Tambang ilegal bukan hal baru di Aceh. Aktivitas penambangan emas dan batu bara tanpa izin telah lama menjadi masalah klasik. Ribuan masyarakat menggantungkan hidup pada sektor ini, namun status ilegal membuat hasilnya rawan diselewengkan.
Banyak laporan menyebut keberadaan tambang ilegal justru seperti dibiarkan. Aparat dinilai hanya melakukan razia sesekali, tetapi tambang tetap beroperasi setelah itu. Fenomena ini menimbulkan dugaan adanya “main mata” antara pelaku tambang dan aparat di lapangan.

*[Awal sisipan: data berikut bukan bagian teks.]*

(* Let $\rho$ be a probability density on $[-\pi,\pi]$ whose Fourier series converges absolutely and with $\int_{-\pi}^\pi\rho(\theta)\sin\theta\cos\theta\,\mathrm{d}\theta=0$. For $K\in\mathbb{N}$ let $$p_K(\theta)=\frac{1}{2K+1}\Big(\sum_{k=-K}^Ke^{ik\theta}\Big)^2,\qquad\rho_K(\theta)=\frac{1}{2\pi}\int_{-\pi}^\pi\rho(\theta-\phi)p_K(\phi)\,\mathrm{d}\phi,$$ $$\nu_K(\mathrm{d}\theta)=\frac{2\pi}{4K+1}\sum_{\ell=-2K}^{2K}\rho_K\Big(\frac{2\pi\ell}{4K+1}\Big)\delta\Big(\theta-\frac{2\pi\ell}{4K+1}\Big)\mathrm{d}\theta.$$ Then each $\nu_K$ is a discrete probability measure on $[-\pi,\pi]$, $\int_{-\pi}^\pi\cos\theta\sin\theta\,\nu_K(\mathrm{d}\theta)=0$ for all $K$, and for every continuous $f$ on $[-\pi,\pi]$, $\lim_{K\to\infty}\int f\,\mathrm{d}\nu_K=\int_{-\pi}^\pi f(\theta)\rho(\theta)\,\mathrm{d}\theta$.
   Context: $\rho$ is extended $2\pi$-periodically in the convolution. *)

theory Defs
  imports "HOL-Probability.Probability"
begin

definition fourier_coeff :: "(real \<Rightarrow> real) \<Rightarrow> int \<Rightarrow> complex" where
  "fourier_coeff \<rho> k =
     (LINT \<theta>:{-pi..pi}|lborel. complex_of_real (\<rho> \<theta>) * exp (- \<i> * of_int k * complex_of_real \<theta>))
     / complex_of_real (2 * pi)"

text \<open>2 pi-periodic extension of a function given on [-pi,pi) (its values elsewhere are ignored).\<close>
definition per_ext :: "(real \<Rightarrow> real) \<Rightarrow> real \<Rightarrow> real" where
  "per_ext \<rho> x = \<rho> (x - 2 * pi * of_int \<lfloor>(x + pi) / (2 * pi)\<rfloor>)"

text \<open>p_K(theta) = (1/(2K+1)) (sum_{k=-K}^K e^{ik theta})^2; the square is real
  (the inner sum is the real Dirichlet kernel), so we take the real part.\<close>
definition pK :: "nat \<Rightarrow> real \<Rightarrow> real" where
  "pK K \<theta> = Re ((\<Sum>k\<in>{-int K..int K}. exp (\<i> * of_int k * complex_of_real \<theta>)) ^ 2)
              / (2 * real K + 1)"

definition rhoK :: "(real \<Rightarrow> real) \<Rightarrow> nat \<Rightarrow> real \<Rightarrow> real" where
  "rhoK \<rho> K \<theta> = (1 / (2 * pi)) * (LBINT \<phi>=-pi..pi. per_ext \<rho> (\<theta> - \<phi>) * pK K \<phi>)"

definition grid_pt :: "nat \<Rightarrow> int \<Rightarrow> real" where
  "grid_pt K l = 2 * pi * real_of_int l / (4 * real K + 1)"

definition nuK :: "(real \<Rightarrow> real) \<Rightarrow> nat \<Rightarrow> real measure" where
  "nuK \<rho> K = point_measure UNIV
     (\<lambda>\<theta>. ennreal (\<Sum>l\<in>{-2 * int K..2 * int K}.
        if \<theta> = grid_pt K l then 2 * pi / (4 * real K + 1) * rhoK \<rho> K (grid_pt K l) else 0))"

end

(*
  Integrating h against nu_K is the same as integrating against rho the smoothed function
  T_K h (psi) = (1/(4K+1)) sum_l h(theta_l) p_K(theta_l - psi)  (grid_conv below), because
  rho_K is the convolution of rho with p_K.  The kernel p_K is a trigonometric polynomial of
  degree 2K and the 4K+1 equispaced grid points integrate trigonometric polynomials of degree
  at most 4K exactly, so T_K sends e^(i m theta) to a multiple of e^(i m psi) for |m| <= 2K:
  T_K 1 = 1 gives total mass one, and T_K (cos * sin) is a multiple of cos * sin, so the
  vanishing sin-cos moment of rho passes to nu_K.  Moreover p_K = D_K^2/(2K+1) with the
  Dirichlet kernel D_K, and D_K(x) sin(x/2) = sin((2K+1)x/2) gives
  p_K(x) <= 1/((2K+1) sin^2(x/2)), so T_K f -> f pointwise on (-pi, pi) for continuous f;
  dominated convergence gives the limit.
*)

theory Submission
  imports Defs "HOL-Real_Asymp.Real_Asymp"
begin

section \<open>The Dirichlet kernel and the kernel pK\<close>

definition dirichlet_kernel :: "nat \<Rightarrow> real \<Rightarrow> real" where
  "dirichlet_kernel K x = 1 + 2 * (\<Sum>k=1..K. cos (real k * x))"

lemma sum_exp_eq_dirichlet_kernel:
  "(\<Sum>k\<in>{-int K..int K}. exp (\<i> * of_int k * complex_of_real x)) = complex_of_real (dirichlet_kernel K x)"
proof (induction K)
  case 0
  then show ?case by (simp add: dirichlet_kernel_def)
next
  case (Suc K)
  have "{-int (Suc K)..int (Suc K)} = insert (-int (Suc K)) (insert (int (Suc K)) {-int K..int K})"
    by auto
  then have "(\<Sum>k\<in>{-int (Suc K)..int (Suc K)}. exp (\<i> * of_int k * complex_of_real x))
      = cis (real (Suc K) * x) + cis (- (real (Suc K) * x))
        + (\<Sum>k\<in>{-int K..int K}. exp (\<i> * of_int k * complex_of_real x))"
    by (simp add: cis_conv_exp algebra_simps)
  also have "\<dots> = complex_of_real (dirichlet_kernel (Suc K) x)"
    unfolding Suc by (simp add: dirichlet_kernel_def complex_eq_iff)
  finally show ?case .
qed

lemma pK_eq_dirichlet_kernel: "pK K x = (dirichlet_kernel K x)\<^sup>2 / (2 * real K + 1)"
  unfolding pK_def sum_exp_eq_dirichlet_kernel by (simp flip: of_real_power)

lemma pK_nonneg: "pK K x \<ge> 0"
  by (simp add: pK_eq_dirichlet_kernel)

lemma dirichlet_kernel_mult_sin:
  "dirichlet_kernel K x * sin (x / 2) = sin ((2 * real K + 1) * x / 2)"
proof (induction K)
  case 0
  then show ?case by (simp add: dirichlet_kernel_def)
next
  case (Suc K)
  have "2 * cos (real (Suc K) * x) * sin (x / 2)
      = sin ((2 * real (Suc K) + 1) * x / 2) - sin ((2 * real K + 1) * x / 2)"
    using sin_add[of "real (Suc K) * x" "x / 2"] sin_diff[of "real (Suc K) * x" "x / 2"]
    by (simp add: algebra_simps add_divide_distrib)
  with Suc show ?case by (simp add: dirichlet_kernel_def algebra_simps)
qed

lemma abs_dirichlet_kernel_le: "\<bar>dirichlet_kernel K x\<bar> \<le> 2 * real K + 1"
proof -
  have "\<bar>\<Sum>k=1..K. cos (real k * x)\<bar> \<le> (\<Sum>k=1..K. 1)"
    by (rule order_trans[OF sum_abs sum_mono]) simp
  then show ?thesis by (simp add: dirichlet_kernel_def)
qed

lemma pK_le: "pK K x \<le> 2 * real K + 1"
proof -
  have "(dirichlet_kernel K x)\<^sup>2 \<le> (2 * real K + 1)\<^sup>2"
    using power_mono[OF abs_dirichlet_kernel_le[of K x] abs_ge_zero, of 2] by simp
  then show ?thesis by (simp add: pK_eq_dirichlet_kernel divide_le_eq power2_eq_square)
qed

lemma pK_le_inverse_sin_sq:
  assumes "c > 0" "c \<le> (sin (x / 2))\<^sup>2"
  shows "pK K x \<le> 1 / (c * (2 * real K + 1))"
proof -
  have "(dirichlet_kernel K x)\<^sup>2 * (sin (x / 2))\<^sup>2 \<le> 1"
    using dirichlet_kernel_mult_sin[of K x] abs_sin_le_one[of "(2 * real K + 1) * x / 2"]
    by (metis abs_le_square_iff abs_one one_power2 power_mult_distrib)
  moreover have "(dirichlet_kernel K x)\<^sup>2 * c \<le> (dirichlet_kernel K x)\<^sup>2 * (sin (x / 2))\<^sup>2"
    using assms by (simp add: mult_left_mono)
  ultimately have "(dirichlet_kernel K x)\<^sup>2 \<le> 1 / c"
    using assms by (simp add: field_simps)
  then show ?thesis
    by (simp add: pK_eq_dirichlet_kernel divide_right_mono flip: divide_divide_eq_left)
qed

Pansus DPRA bahkan menyinggung soal mekanisme setoran yang sudah berjalan sistematis. Setiap ekskavator disebut wajib menyetor bulanan agar bisa bekerja aman. Pola ini yang memunculkan angka Rp360 miliar per tahun.
Kendati, meski keras mengkritisi praktik setoran ilegal, Nasruddin juga mengingatkan Pemerintah Aceh agar tidak gegabah menutup seluruh tambang ilegal. Menurutnya, ribuan masyarakat menggantungkan penghasilan dari sektor tersebut.

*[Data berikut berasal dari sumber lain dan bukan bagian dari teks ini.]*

(* Let $m/n\in(0,1/2)$. Then the set $\mathcal A_{m/n}$ of $m/n$-admissible integers has the same cardinality as the left Farey sequence $\mathrm{LFS}(m/n)$.
   Context: Rationals in lowest terms. For $h/k\in(0,1/2)$, $\mathrm{LFP}(h/k)$ is the element immediately preceding $h/k$ in the increasing list of rationals in $[0,1/2]$ with denominator at most $k$. $\mathrm{LFS}(m/n)=(0=u_1/v_1,u_2/v_2,\dots,u_\alpha/v_\alpha)$ where $u_\alpha/v_\alpha=\mathrm{LFP}(m/n)$ and $u_i/v_i=\mathrm{LFP}(u_{i+1}/v_{i+1})$ for $1\le i<\alpha$. $+_n$ is addition mod $n$; $\mathcal O_{m/n}[r,s]=\{r+_njm\colon0\le j\le K\}$ with $K\ge0$ least such that $r+_nKm=s$. An integer $k\in[0,m-1]$ is $m/n$-admissible if $\{k+1,\dots,m-1\}\cap\mathcal O_{m/n}[k,0]=\emptyset$. *)

theory Defs
  imports Complex_Main
begin

definition denom :: "rat \<Rightarrow> int" where
  "denom r = snd (quotient_of r)"

definition LFP :: "rat \<Rightarrow> rat" where
  "LFP q = Max {r. 0 \<le> r \<and> r \<le> 1/2 \<and> r < q \<and> denom r \<le> denom q}"

text \<open>The (set of entries of the) left Farey sequence LFS(q):
LFP(q) belongs to it, and LFP(u) belongs to it for every nonzero entry u;
the chain stops at 0.\<close>
inductive_set LFS :: "rat \<Rightarrow> rat set" for q :: rat where
  first: "LFP q \<in> LFS q"
| step: "u \<in> LFS q \<Longrightarrow> 0 < u \<Longrightarrow> LFP u \<in> LFS q"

“Kalau semua tambang ilegal langsung ditutup, yang terdampak pertama adalah masyarakat kecil. Pemerintah harus cerdas menyikapi masalah ini,” ucapnya.
Nas menyarankan agar pemerintah segera melakukan pendataan dan mengubah status tambang ilegal menjadi tambang rakyat resmi. Dengan legalisasi, pemerintah bisa menarik pajak dan retribusi sah. “Kalau tambang rakyat sudah berizin, hasilnya akan masuk ke kas daerah, bukan ke kantong oknum,” tegas Nasruddin.
Jika Kapolda Aceh Irjen Pol Marzuki Ali Basyah segera memberikan penjelasan terbuka, maka spekulasi liar bisa ditepis. Sebaliknya, jika dibiarkan berlarut, kepercayaan publik terhadap aparat penegak hukum akan semakin tergerus.
“Kapolda harus menjelaskan dengan jujur, transparan, dan detail. Jangan hanya diam. Masyarakat butuh kejelasan,” desak Nasruddin.
Mencuatnya dugaan suap tambang ilegal bukan sekadar isu teknis, melainkan persoalan besar yang berimplikasi luas. Secara sosial, masyarakat merasa aparat tak lagi berpihak pada penegakan hukum. Sementara secara politik, reputasi pemerintah daerah ikut tercoreng.
DPRA sendiri menyatakan akan terus mendorong penindakan tegas terhadap tambang ilegal. Pansus juga berencana membawa temuan ini ke aparat pusat jika tidak ada respons memadai dari pihak kepolisian daerah.
Jika benar ada Rp360 miliar mengalir ke oknum aparat, maka negara kehilangan potensi pajak dalam jumlah besar. Dengan kalkulasi sederhana, dana sebesar itu bisa membangun lebih dari 300 sekolah dasar baru, atau memperbaiki ratusan kilometer jalan rusak di Aceh.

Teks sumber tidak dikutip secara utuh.